Abdimajit, who was the first accused, had received four photos which they were to use to falsify Kenyan Identity cards to conceal their identity.

One of the photos was that of Omar Abdi Siyat aka Samatra.

Abdi was one of the gunmen who arrived at the entrance of the Dusit D2 hotel complex and started shooting indiscriminately on January 16, 2019.  

The other gunmen were Ali Salim Gichunge, Osman Ibrahim Gedi alias Abdiweli Gedi, Mahir Riziki and another fighter only identified as Hassan.

Born in 1992 in Dagahaley, one of the Dadaab refugee camps, Abdi had activated a new Kenyan phone on January 4 2019 in preparation for the attack and travelled to Nairobi from Dagahaley the next day.

The phone immediately placed a call to Somalia after its activation, and Abdi continued to contact numbers in Somalia until January 14 2019, when the phone was last used, according to intelligence reports.

On 13 January 2019, Abdi moved to the Gichunges’ safe house on the outskirts of Nairobi, where he stayed until the attack. On the day of the attack, CCTV footage captured Gichunge and Abdi entering the DusitD2 complex in black gear and armed with assault rifles.

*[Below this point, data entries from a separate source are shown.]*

definition search_game ::
  "('i::finite \<Rightarrow> 'w::finite set set) \<Rightarrow> ('w \<Rightarrow> real) \<Rightarrow> ('i \<Rightarrow> nat)
   \<Rightarrow> ('i \<Rightarrow> nat \<Rightarrow> real) \<Rightarrow> ('i \<Rightarrow> nat \<Rightarrow> 'w \<Rightarrow> real) \<Rightarrow> ('w \<Rightarrow> real) \<Rightarrow> bool" where
  "search_game \<Pi> \<mu> K c v vs \<longleftrightarrow>
     (\<forall>i. is_partition UNIV (\<Pi> i)) \<and>
     (\<forall>\<omega>. \<mu> \<omega> \<ge> 0) \<and> (\<Sum>\<omega>\<in>UNIV. \<mu> \<omega>) = 1 \<and>
     (\<forall>i. \<forall>C\<in>\<Pi> i. (\<Sum>\<omega>\<in>C. \<mu> \<omega>) > 0) \<and>
     (\<forall>i. c i 0 = 0) \<and> (\<forall>i k. k \<le> K i \<longrightarrow> c i k \<ge> 0) \<and>
     (\<forall>i k. 1 \<le> k \<and> k + 1 \<le> K i \<longrightarrow> c i (k + 1) - c i k \<ge> c i k - c i (k - 1)) \<and>
     (\<forall>i \<omega> m. 1 \<le> m \<and> m \<le> card (UNIV :: 'i set) \<longrightarrow> v i m \<omega> \<ge> 0) \<and>
     (\<forall>i \<omega> m. 1 \<le> m \<and> m + 1 \<le> card (UNIV :: 'i set) \<longrightarrow> v i (m + 1) \<omega> \<le> v i m \<omega>) \<and>
     (\<forall>\<omega>. vs \<omega> \<ge> 0)"

definition strategies :: "('i \<Rightarrow> 'w set set) \<Rightarrow> ('i \<Rightarrow> nat) \<Rightarrow> 'i \<Rightarrow> ('w set \<Rightarrow> 'w set) set" where
  "strategies \<Pi> K i = {\<sigma>. (\<forall>C\<in>\<Pi> i. \<sigma> C \<subseteq> C \<and> card (\<sigma> C) \<le> K i) \<and> (\<forall>C. C \<notin> \<Pi> i \<longrightarrow> \<sigma> C = {})}"

definition profiles :: "('i \<Rightarrow> 'w set set) \<Rightarrow> ('i \<Rightarrow> nat) \<Rightarrow> ('i \<Rightarrow> 'w set \<Rightarrow> 'w set) set" where
  "profiles \<Pi> K = {s. \<forall>i. s i \<in> strategies \<Pi> K i}"

definition searchers :: "('i::finite \<Rightarrow> 'w set set) \<Rightarrow> ('i \<Rightarrow> 'w set \<Rightarrow> 'w set) \<Rightarrow> 'w \<Rightarrow> nat" where
  "searchers \<Pi> s \<omega> = card {i. \<omega> \<in> s i (cell (\<Pi> i) \<omega>)}"

definition payoff_at ::
  "('i::finite \<Rightarrow> 'w set set) \<Rightarrow> ('i \<Rightarrow> nat \<Rightarrow> real) \<Rightarrow> ('i \<Rightarrow> nat \<Rightarrow> 'w \<Rightarrow> real)
   \<Rightarrow> ('i \<Rightarrow> 'w set \<Rightarrow> 'w set) \<Rightarrow> 'i \<Rightarrow> 'w \<Rightarrow> real" where
  "payoff_at \<Pi> c v s i \<omega> =
     (if \<omega> \<in> s i (cell (\<Pi> i) \<omega>) then v i (searchers \<Pi> s \<omega>) \<omega> else 0)
     - c i (card (s i (cell (\<Pi> i) \<omega>)))"

definition payoff ::
  "('i::finite \<Rightarrow> 'w::finite set set) \<Rightarrow> ('w \<Rightarrow> real) \<Rightarrow> ('i \<Rightarrow> nat \<Rightarrow> real) \<Rightarrow> ('i \<Rightarrow> nat \<Rightarrow> 'w \<Rightarrow> real)
   \<Rightarrow> ('i \<Rightarrow> 'w set \<Rightarrow> 'w set) \<Rightarrow> 'i \<Rightarrow> real" where
  "payoff \<Pi> \<mu> c v s i = (\<Sum>\<omega>\<in>UNIV. \<mu> \<omega> * payoff_at \<Pi> c v s i \<omega>)"

definition is_nash ::
  "('i::finite \<Rightarrow> 'w::finite set set) \<Rightarrow> ('w \<Rightarrow> real) \<Rightarrow> ('i \<Rightarrow> nat) \<Rightarrow> ('i \<Rightarrow> nat \<Rightarrow> real)
   \<Rightarrow> ('i \<Rightarrow> nat \<Rightarrow> 'w \<Rightarrow> real) \<Rightarrow> ('i \<Rightarrow> 'w set \<Rightarrow> 'w set) \<Rightarrow> bool" where
  "is_nash \<Pi> \<mu> K c v s \<longleftrightarrow> s \<in> profiles \<Pi> K \<and>
     (\<forall>i. \<forall>\<sigma>\<in>strategies \<Pi> K i. payoff \<Pi> \<mu> c v s i \<ge> payoff \<Pi> \<mu> c v (s(i := \<sigma>)) i)"

definition improvement_path ::
  "('i::finite \<Rightarrow> 'w::finite set set) \<Rightarrow> ('w \<Rightarrow> real) \<Rightarrow> ('i \<Rightarrow> nat) \<Rightarrow> ('i \<Rightarrow> nat \<Rightarrow> real)
   \<Rightarrow> ('i \<Rightarrow> nat \<Rightarrow> 'w \<Rightarrow> real) \<Rightarrow> ('i \<Rightarrow> 'w set \<Rightarrow> 'w set) list \<Rightarrow> bool" where
  "improvement_path \<Pi> \<mu> K c v ps \<longleftrightarrow> ps \<noteq> [] \<and> set ps \<subseteq> profiles \<Pi> K \<and>
     (\<forall>t. t + 1 < length ps \<longrightarrow>
        (\<exists>i. (\<forall>j. j \<noteq> i \<longrightarrow> (ps ! (t + 1)) j = (ps ! t) j) \<and>
             payoff \<Pi> \<mu> c v (ps ! (t + 1)) i > payoff \<Pi> \<mu> c v (ps ! t) i))"

end

theory Submission
  imports Defs
begin

text \<open>
  Player \<open>i\<close>'s payoff splits over the cells of her partition: in a cell \<open>C\<close> she picks
  \<open>A \<subseteq> C\<close> with \<open>|A| \<le> K\<^sub>i\<close>, earns \<open>\<mu>(w) v\<^sub>i\<^sup>m(w)\<close> for each \<open>w \<in> A\<close> that \<open>m\<close> players
  search, and pays \<open>\<mu>(C) c\<^sub>i(|A|)\<close>. Against fixed opponents this is a choice problem with a
  convex cost, in which a choice is optimal as soon as no single addition, removal or
  swap improves it.

  Declare some (player, location) pairs frozen: these locations must stay searched. By
  induction on the number of unfrozen pairs, from every profile an improvement path leads
  to an equilibrium relative to the frozen pairs. To unfreeze a pair \<open>(i, x)\<close> of such an
  equilibrium with searcher counts \<open>R\<close>, player \<open>i\<close> drops \<open>x\<close> or swaps it for some \<open>v\<close>;
  relative to \<open>R\<close>, one searcher is then missing at \<open>x\<close> and one may be in surplus at \<open>v\<close>.
  Each subsequent improving move shifts or removes the surplus or, once there is none,
  shifts or fills the missing searcher, and it strictly increases the potential in which
  location \<open>w\<close> is worth \<open>\<mu>(w) v\<^sub>j\<^sup>m(w)\<close> to player \<open>j\<close>, with \<open>m = R(w)\<close>, or \<open>m = R(w) + 1\<close>
  while a surplus remains. Hence the repair ends in an equilibrium for fewer frozen pairs;
  with no pair frozen this is a Nash equilibrium.
\<close>

section \<open>Exchange-optimal choices under a convex cost\<close>

definition discrete_convex :: "nat \<Rightarrow> (nat \<Rightarrow> real) \<Rightarrow> bool" where
  "discrete_convex K D \<longleftrightarrow> (\<forall>k. 1 \<le> k \<longrightarrow> k + 1 \<le> K \<longrightarrow> D k - D (k - 1) \<le> D (k + 1) - D k)"

lemma discrete_convex_increment_mono:
  assumes "discrete_convex K D" "1 \<le> i" "i \<le> j" "j \<le> K"
  shows "D i - D (i - 1) \<le> D j - D (j - 1)"
  using assms(3)
proof (induction j rule: dec_induct)
  case base
  then show ?case by simp
next
  case (step j)
  have "D j - D (j - 1) \<le> D (j + 1) - D j"
    using assms(1,2,4) step.hyps unfolding discrete_convex_def by auto
  with step.IH show ?case by simp
qed

lemma discrete_convex_secant_lower:
  assumes "discrete_convex K D" "a \<le> b" "b \<le> K"
  shows "real (b - a) * (D (a + 1) - D a) \<le> D b - D a"
proof -
  have "real (b - a) * (D (a + 1) - D a) = (\<Sum>k = a..<b. D (a + 1) - D a)" by simp
  also have "\<dots> \<le> (\<Sum>k = a..<b. D (Suc k) - D k)"
  proof (rule sum_mono)
    fix k assume "k \<in> {a..<b}"
    then show "D (a + 1) - D a \<le> D (Suc k) - D k"
      using discrete_convex_increment_mono[OF assms(1), of "a + 1" "Suc k"] assms(3) by simp
  qed
  also have "\<dots> = D b - D a" by (rule sum_Suc_diff'[OF assms(2)])
  finally show ?thesis .
qed

lemma discrete_convex_secant_upper:
  assumes "discrete_convex K D" "a \<le> b" "b \<le> K"
  shows "D b - D a \<le> real (b - a) * (D b - D (b - 1))"
proof -
  have "D b - D a = (\<Sum>k = a..<b. D (Suc k) - D k)" by (rule sum_Suc_diff'[OF assms(2), symmetric])
  also have "\<dots> \<le> (\<Sum>k = a..<b. D b - D (b - 1))"
  proof (rule sum_mono)
    fix k assume "k \<in> {a..<b}"
    then show "D (Suc k) - D k \<le> D b - D (b - 1)"
      using discrete_convex_increment_mono[OF assms(1), of "Suc k" b] assms(3) by simp
  qed
  also have "\<dots> = real (b - a) * (D b - D (b - 1))" by simp
  finally show ?thesis .
qed

definition net_value :: "('a \<Rightarrow> real) \<Rightarrow> (nat \<Rightarrow> real) \<Rightarrow> 'a set \<Rightarrow> real" where
  "net_value g D X = sum g X - D (card X)"

text \<open>No swap, no removal of an element outside \<open>F\<close> and no addition improves \<open>A \<subseteq> C\<close>.\<close>

definition exchange_optimal ::
  "('a \<Rightarrow> real) \<Rightarrow> (nat \<Rightarrow> real) \<Rightarrow> nat \<Rightarrow> 'a set \<Rightarrow> 'a set \<Rightarrow> 'a set \<Rightarrow> bool" where
  "exchange_optimal g D K C F A \<longleftrightarrow>
     (\<forall>u\<in>A - F. \<forall>w\<in>C - A. g w \<le> g u) \<and>
     (\<forall>u\<in>A - F. D (card A) - D (card A - 1) \<le> g u) \<and>
     (card A < K \<longrightarrow> (\<forall>w\<in>C - A. g w \<le> D (card A + 1) - D (card A)))"

lemma exchange_optimal_mono:
  assumes "exchange_optimal g D K C F A"
    and "\<And>w. w \<in> A - F \<Longrightarrow> g w \<le> g' w" and "\<And>w. w \<in> C - A \<Longrightarrow> g' w \<le> g w"
  shows "exchange_optimal g' D K C F A"
  using assms unfolding exchange_optimal_def by (meson order_trans)

lemma exchange_optimal_cong:
  assumes "A \<subseteq> C" "\<And>w. w \<in> C \<Longrightarrow> g w = g' w"
  shows "exchange_optimal g D K C F A \<longleftrightarrow> exchange_optimal g' D K C F A"
proof
  assume "exchange_optimal g D K C F A"
  then show "exchange_optimal g' D K C F A" by (rule exchange_optimal_mono) (use assms in auto)
next
  assume "exchange_optimal g' D K C F A"
  then show "exchange_optimal g D K C F A" by (rule exchange_optimal_mono) (use assms in auto)
qed

lemma exchange_optimal_frozen_mono:
  "exchange_optimal g D K C F A \<Longrightarrow> F \<subseteq> F' \<Longrightarrow> exchange_optimal g D K C F' A"
  unfolding exchange_optimal_def by blast

lemma exchange_optimal_subset:
  "exchange_optimal g D K C F A \<Longrightarrow> C' \<subseteq> C \<Longrightarrow> exchange_optimal g D K C' F A"
  unfolding exchange_optimal_def by blast

lemma sum_diff_le_threshold:
  fixes g :: "'a \<Rightarrow> real"
  assumes "\<And>q. q \<in> Q \<Longrightarrow> g q \<le> \<theta>" and "\<And>p. p \<in> P \<Longrightarrow> \<theta> \<le> g p"
  shows "sum g Q - sum g P \<le> (real (card Q) - real (card P)) * \<theta>"
  using sum_bounded_above[of Q g \<theta>] sum_bounded_below[of P \<theta> g] assms
  by (simp add: left_diff_distrib)

lemma exchange_gain_le_above:
  fixes g :: "'a \<Rightarrow> real"
  assumes "finite P" "card P \<le> card Q"
    and swap: "\<And>p q. p \<in> P \<Longrightarrow> q \<in> Q \<Longrightarrow> g q \<le> g p"
    and above: "\<And>q. q \<in> Q \<Longrightarrow> g q \<le> d"
  shows "sum g Q - sum g P \<le> real (card Q - card P) * d"
proof -
  define \<theta> where "\<theta> = Min (insert d (g ` P))"
  have "sum g Q - sum g P \<le> (real (card Q) - real (card P)) * \<theta>"
    using assms unfolding \<theta>_def by (intro sum_diff_le_threshold) auto
  also have "\<dots> \<le> real (card Q - card P) * d"
    using assms(1,2) unfolding \<theta>_def by (simp add: of_nat_diff mult_left_mono)
  finally show ?thesis .
qed

lemma exchange_gain_le_below:
  fixes g :: "'a \<Rightarrow> real"
  assumes "finite Q" "card Q \<le> card P"
    and swap: "\<And>p q. p \<in> P \<Longrightarrow> q \<in> Q \<Longrightarrow> g q \<le> g p"
    and below: "\<And>p. p \<in> P \<Longrightarrow> d \<le> g p"
  shows "sum g Q - sum g P \<le> - (real (card P - card Q) * d)"
proof -
  define \<theta> where "\<theta> = Max (insert d (g ` Q))"
  have "sum g Q - sum g P \<le> (real (card Q) - real (card P)) * \<theta>"
    using assms unfolding \<theta>_def by (intro sum_diff_le_threshold) auto
  also have "\<dots> = - (real (card P - card Q) * \<theta>)"
    using assms(2) by (simp add: of_nat_diff algebra_simps)
  also have "\<dots> \<le> - (real (card P - card Q) * d)"
    using assms(1) unfolding \<theta>_def by (simp add: mult_left_mono)
  finally show ?thesis .
qed

lemma exchange_optimal_imp_optimal:
  assumes "finite C" "F \<subseteq> A" "A \<subseteq> C" "card A \<le> K" "discrete_convex K D"
    and opt: "exchange_optimal g D K C F A"
    and "F \<subseteq> X" "X \<subseteq> C" "card X \<le> K"
  shows "net_value g D X \<le> net_value g D A"
proof -
  define P Q where "P = A - X" and "Q = X - A"
  have fin: "finite A" "finite X" "finite P" "finite Q"
    using assms(1,3,8) finite_subset unfolding P_def Q_def by blast+
  have swap: "g q \<le> g p" if "p \<in> P" "q \<in> Q" for p q
    using opt that assms(7,8) unfolding exchange_optimal_def P_def Q_def by blast
  have "net_value g D X - net_value g D A = sum g Q - sum g P - (D (card X) - D (card A))"
    using sum.Int_Diff[OF fin(2), of g A] sum.Int_Diff[OF fin(1), of g X]
    unfolding net_value_def P_def Q_def by (simp add: Int_commute)
  moreover have cards: "card X + card P = card A + card Q"
    using card_Int_Diff[OF fin(2), of A] card_Int_Diff[OF fin(1), of X]
    unfolding P_def Q_def by (simp add: Int_commute)
  moreover have "sum g Q - sum g P \<le> D (card X) - D (card A)"
  proof (cases "card A < card X")
    case True
    then have above: "g q \<le> D (card A + 1) - D (card A)" if "q \<in> Q" for q
      using opt that assms(8,9) unfolding exchange_optimal_def Q_def by auto
    have "card P \<le> card Q" "card Q - card P = card X - card A" using cards True by linarith+
    with exchange_gain_le_above[where g = g and P = P and Q = Q, OF fin(3) _ swap above]
    have "sum g Q - sum g P \<le> real (card X - card A) * (D (card A + 1) - D (card A))" by simp
    also have "\<dots> \<le> D (card X) - D (card A)"
      using discrete_convex_secant_lower[OF assms(5)] True assms(9) by simp
    finally show ?thesis .
  next
    case False
    have below: "D (card A) - D (card A - 1) \<le> g p" if "p \<in> P" for p
      using opt that assms(7) unfolding exchange_optimal_def P_def by auto
    have "card Q \<le> card P" "card P - card Q = card A - card X" using cards False by linarith+
    with exchange_gain_le_below[where g = g and P = P and Q = Q, OF fin(4) _ swap below]
    have "sum g Q - sum g P \<le> - (real (card A - card X) * (D (card A) - D (card A - 1)))" by simp
    also have "\<dots> \<le> D (card X) - D (card A)"
      using discrete_convex_secant_upper[OF assms(5) _ assms(4), of "card X"] False by simp
    finally show ?thesis .
  qed
  ultimately show ?thesis by linarith
qed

Riziki was the suicide bomber who blew himself up outside Secret Garden restaurant.

Al Shabaab dubbed the Dusit D2 operation Al-Qudsu Lan Tuhawwad (“Jerusalem will never be Judaized”) and stated that it had targeted “Western and Zionist interests worldwide.”

One of the other three photos was used in making an ID which belonged to Mbarak Abdi Huka, who was on February 15, 2018 killed in Merti, Isiolo County.

He was killed when an elite team of Kenyan security agencies ambushed them as they headed to Nairobi while driving in a motor vehicle fitted with Improvised Exclusive Devices (IEDs).

The other two photos belonged to two people who remain unknown to date. They were to be used by two militants only identified as Ahmed and Said. The two fled during the shootout with Kenyan security forces in Isiolo.

According to security expert Haggai Chogo, the faking of identities by these militants is just a usual way criminals use to survive.

Chogo explained this is aimed at camouflaging so as they can confuse investigators or divert attention from what their real plan is.

“The actions of terrorists are usually advanced, they usually have a mission and motive all guided by a certain timeline,” he said.

According to him, there is a need for investigating officers to do more scrutiny once they arrest such people.

This, he said, can only be achieved by ensuring thorough forensic analysis.

Security analyst Mr George Musamali also says the disguised identity is part of a scheme to conceal detection.

“They are only being tactical and each time they are trying to use a way they can to divert attention,” he says.

In an article published by Ms Suzanne Barber, who is an American engineer and author, fake IDs are an important tool for terrorists.

She says that the ability of terrorists to steal or falsify identities is a major weakness in counter-terrorism efforts.

“We need to make it harder for terrorists to falsify their identities, and prevent them from acquiring valuable identity documents,” she writes.